The intent of this bill is great, even if the effects are going to be somewhat diluted. (More on that below.) College campuses have been tempting fruit for deranged mass shooters, largely because they are primarily “gun free” zones which immediately identifies them as safe, soft targets. With plenty of people crowded into a relatively small area and virtually no chance of anyone being armed and ready to fire back at you, the pickings are pretty lush for a dangerous maniac. Conversely, if the aspiring killer has even a shred of common sense left rattling around in their melon, knowing that dozens of people might whip out their own personal defense systems and ruin your day might just give them cause to think twice.
Unfortunately, as I alluded to previously, the actual effect of this bill will be considerably watered down by both existing laws and certain provisions injected by Texas Democrats. First of all, the minimum legal age to even apply for a concealed carry permit in Texas is 21, so the number of eligible carriers on campuses will be limited to a small percentage of seniors, the faculty, and the relatively small number of veterans and other continuing education adult students who may be enrolled. Still, even that number may give an attacker pause and cause them to seek out easier targets.
The second, and probably far more problematic factor is the “opt out” which is built into the legislation.
The bill gives private and independent colleges the option of opting out entirely. Public colleges have no such option, but lawmakers allowed university presidents at public institutions to come up with concealed-weapons regulations that could let them establish gun-free zones on their campuses. The bill says university officials can establish “reasonable rules,” but states those regulations cannot “generally prohibit” license holders from carrying concealed handguns on campus.
We generally tend to think of Texas as a freedom zone full of rugged, independent thinkers who value things such as their Second Amendment rights. But that doesn’t mean that their universities are free of liberal dogma and group-think. Any number of their private universities may choose to turn around immediately and opt out of campus-carry entirely. In that case, carriers wouldn’t be subject to arrest, but students could be expelled and staff fired. And if the school goes that route, you can be sure that they’ll be crowing about it in the local media.

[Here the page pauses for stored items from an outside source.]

definition Zop :: "'a::{field,finite} ^ 'n \<Rightarrow> ('a, 'n) qstate \<Rightarrow> ('a, 'n) qstate" where
  "Zop w \<psi> = (\<lambda>x. add_char (dotp w x) * \<psi> x)"

definition pauli :: "'a::{field,finite} ^ 'n \<Rightarrow> 'a ^ 'n \<Rightarrow> ('a, 'n) qstate \<Rightarrow> ('a, 'n) qstate" where
  "pauli a b = Xop a \<circ> Zop b"

definition rowspace :: "'a::{field,finite} ^ 'n ^ 'r \<Rightarrow> ('a ^ 'n) set" where
  "rowspace H = {c v* H | c. True}"

definition full_row_rank :: "'a::{field,finite} ^ 'n ^ 'r \<Rightarrow> bool" where
  "full_row_rank H \<longleftrightarrow> (\<forall>c. c v* H = 0 \<longrightarrow> c = 0)"

definition css_valid :: "'a::{field,finite} ^ 'n ^ 'ra \<Rightarrow> 'a ^ 'n ^ 'rb \<Rightarrow> bool" where
  "css_valid HA HB \<longleftrightarrow> full_row_rank HA \<and> full_row_rank HB \<and> HA ** transpose HB = 0"

definition css_codespace :: "'a::{field,finite} ^ 'n ^ 'ra \<Rightarrow> 'a ^ 'n ^ 'rb \<Rightarrow> ('a, 'n) qstate set" where
  "css_codespace HA HB = {\<psi>. (\<forall>v \<in> rowspace HA. Xop v \<psi> = \<psi>) \<and> (\<forall>w \<in> rowspace HB. Zop w \<psi> = \<psi>)}"

definition sympl_weight :: "'a::{field,finite} ^ 'n \<Rightarrow> 'a ^ 'n \<Rightarrow> nat" where
  "sympl_weight a b = card {i. a $ i \<noteq> 0 \<or> b $ i \<noteq> 0}"

definition css_normalizes :: "'a::{field,finite} ^ 'n ^ 'ra \<Rightarrow> 'a ^ 'n ^ 'rb \<Rightarrow> 'a ^ 'n \<Rightarrow> 'a ^ 'n \<Rightarrow> bool" where
  "css_normalizes HA HB a b \<longleftrightarrow>
     (\<forall>v \<in> rowspace HA. Xop v \<circ> pauli a b = pauli a b \<circ> Xop v) \<and>
     (\<forall>w \<in> rowspace HB. Zop w \<circ> pauli a b = pauli a b \<circ> Zop w)"

definition css_in_stabilizer :: "'a::{field,finite} ^ 'n ^ 'ra \<Rightarrow> 'a ^ 'n ^ 'rb \<Rightarrow> 'a ^ 'n \<Rightarrow> 'a ^ 'n \<Rightarrow> bool" where
  "css_in_stabilizer HA HB a b \<longleftrightarrow> a \<in> rowspace HA \<and> b \<in> rowspace HB"

definition css_distance_ge :: "'a::{field,finite} ^ 'n ^ 'ra \<Rightarrow> 'a ^ 'n ^ 'rb \<Rightarrow> nat \<Rightarrow> bool" where
  "css_distance_ge HA HB d \<longleftrightarrow>
     (\<forall>a b. css_normalizes HA HB a b \<and> sympl_weight a b < d \<longrightarrow> css_in_stabilizer HA HB a b)"

definition perm_matrix :: "('n::finite \<Rightarrow> 'n) \<Rightarrow> 'a::{field,finite} ^ 'n ^ 'n" where
  "perm_matrix \<tau> = (\<chi> i j. if \<tau> i = j then 1 else 0)"

definition perm_aut_classical :: "('n::finite \<Rightarrow> 'n) \<Rightarrow> 'a::{field,finite} ^ 'n ^ 'r \<Rightarrow> bool" where
  "perm_aut_classical \<tau> H \<longleftrightarrow> \<tau> permutes UNIV \<and>
     (\<exists>U :: 'a ^ 'r ^ 'r. invertible U \<and> U ** H = H ** perm_matrix \<tau>)"

definition perm_aut_css :: "('n::finite \<Rightarrow> 'n) \<Rightarrow> 'a::{field,finite} ^ 'n ^ 'ra \<Rightarrow> 'a ^ 'n ^ 'rb \<Rightarrow> bool" where
  "perm_aut_css \<tau> HA HB \<longleftrightarrow> perm_aut_classical \<tau> HA \<and> perm_aut_classical \<tau> HB"

text \<open>Physical qudit permutation: the content of qudit i is moved to position tau i.\<close>
definition qudit_perm_op :: "('n::finite \<Rightarrow> 'n) \<Rightarrow> ('a, 'n) qstate \<Rightarrow> ('a, 'n) qstate" where
  "qudit_perm_op \<tau> \<psi> = (\<lambda>y. \<psi> (\<chi> i. y $ (\<tau> i)))"

definition logical_identity :: "(('a, 'n) qstate \<Rightarrow> ('a, 'n) qstate) \<Rightarrow> ('a, 'n) qstate set \<Rightarrow> bool" where
  "logical_identity U C \<longleftrightarrow> (\<forall>\<psi> \<in> C. U \<psi> = \<psi>)"

end

theory Submission
  imports Defs "HOL-Algebra.Sylow" "HOL-Algebra.Multiplicative_Group"
    "HOL-Computational_Algebra.Polynomial" "HOL-Number_Theory.Cong" "HOL-Library.Real_Mod"
begin

text \<open>
  \<open>H\<^sub>A P\<^sub>\<tau> = H\<^sub>A\<close> says that every X-stabilizer vector \<open>v\<close> satisfies \<open>v\<^sub>\<tau>\<^sub>i = v\<^sub>i\<close>.
  Hence for every qudit \<open>i\<close> and scalar \<open>c\<close> the weight-two Z-type Pauli \<open>Z\<^sup>b\<close> with
  \<open>b = c(e\<^sub>i - e\<^sub>\<tau>\<^sub>i)\<close> commutes with all stabilizers, and distance at least 3 forces it
  into the stabilizer group. On a basis state \<open>y\<close> in the support of a codeword, \<open>Z\<^sup>b\<close> acts
  by the character value \<open>\<chi>(c(y\<^sub>i - y\<^sub>\<tau>\<^sub>i))\<close>; since the additive character \<open>\<chi>\<close> is
  nontrivial (the trace form is not identically zero and takes values in the prime field),
  this forces \<open>y\<^sub>\<tau>\<^sub>i = y\<^sub>i\<close>. Codewords are thus supported on \<open>\<tau>\<close>-invariant basis states,
  which the qudit permutation fixes.
\<close>

lemma eq_prime_power_multiplicity:
  fixes n p :: nat
  assumes "n > 0" and "prime p" and "\<And>q. prime q \<Longrightarrow> q dvd n \<Longrightarrow> q = p"
  shows "n = p ^ multiplicity p n"
proof -
  have "prime_factorization n = replicate_mset (multiplicity p n) p"
  proof (rule multiset_eqI)
    fix q
    show "count (prime_factorization n) q = count (replicate_mset (multiplicity p n) p) q"
      using assms by (cases "prime q \<and> q dvd n")
        (auto simp: count_prime_factorization not_dvd_imp_multiplicity_0)
  qed
  then show ?thesis
    using prod_mset_prime_factorization_nat[of n] assms(1) by simp
qed

definition additive_group :: "'a::ab_group_add monoid" where
  "additive_group = \<lparr>carrier = UNIV, monoid.mult = (+), one = 0\<rparr>"

lemma group_additive_group: "group additive_group"
proof (rule groupI)
  fix x :: 'a assume "x \<in> carrier additive_group"
  show "\<exists>y\<in>carrier additive_group. y \<otimes>\<^bsub>additive_group\<^esub> x = \<one>\<^bsub>additive_group\<^esub>"
    by (intro bexI[of _ "-x"]) (auto simp: additive_group_def)
qed (auto simp: additive_group_def add_ac)

lemma additive_group_simps [simp]:
  "carrier additive_group = UNIV" "\<one>\<^bsub>additive_group\<^esub> = 0"
  by (simp_all add: additive_group_def)

lemma additive_group_pow [simp]:
  "x [^]\<^bsub>additive_group\<^esub> n = of_nat n * (x :: 'a::ring_1)"
  by (induction n) (auto simp: additive_group_def distrib_right)

definition multiplicative_group :: "'a::field monoid" where
  "multiplicative_group = \<lparr>carrier = UNIV - {0}, monoid.mult = (*), one = 1\<rparr>"

lemma group_multiplicative_group: "group multiplicative_group"
proof (rule groupI)
  fix x :: 'a assume "x \<in> carrier multiplicative_group"
  then show "\<exists>y\<in>carrier multiplicative_group. y \<otimes>\<^bsub>multiplicative_group\<^esub> x = \<one>\<^bsub>multiplicative_group\<^esub>"
    by (intro bexI[of _ "inverse x"]) (auto simp: multiplicative_group_def)
qed (auto simp: multiplicative_group_def mult_ac)

lemma multiplicative_group_simps [simp]:
  "carrier multiplicative_group = UNIV - {0}" "\<one>\<^bsub>multiplicative_group\<^esub> = 1"
  by (simp_all add: multiplicative_group_def)

lemma multiplicative_group_pow [simp]:
  "x [^]\<^bsub>multiplicative_group\<^esub> n = (x :: 'a::field) ^ n"
  by (induction n) (auto simp: multiplicative_group_def mult_ac)

lemma prime_CHAR_finite_field: "prime CHAR('a::{field,finite})"
  by (rule prime_CHAR_semidom) (rule finite_imp_CHAR_pos, simp)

That would pretty much negate any potential benefit and identify the campus as a good place to begin mowing down coeds. As for the public colleges, they may not be able to opt out entirely, but the word “reasonable” in the legislation leaves a lot of wiggle room, and their “gun free zones” may wind up comprising the entire campus except for one portapotty in the parking lot. The effect would be the same.
Still, for all its flaws, Texas has managed to take a step in the right direction. Perhaps other states will learn from this example and follow suit.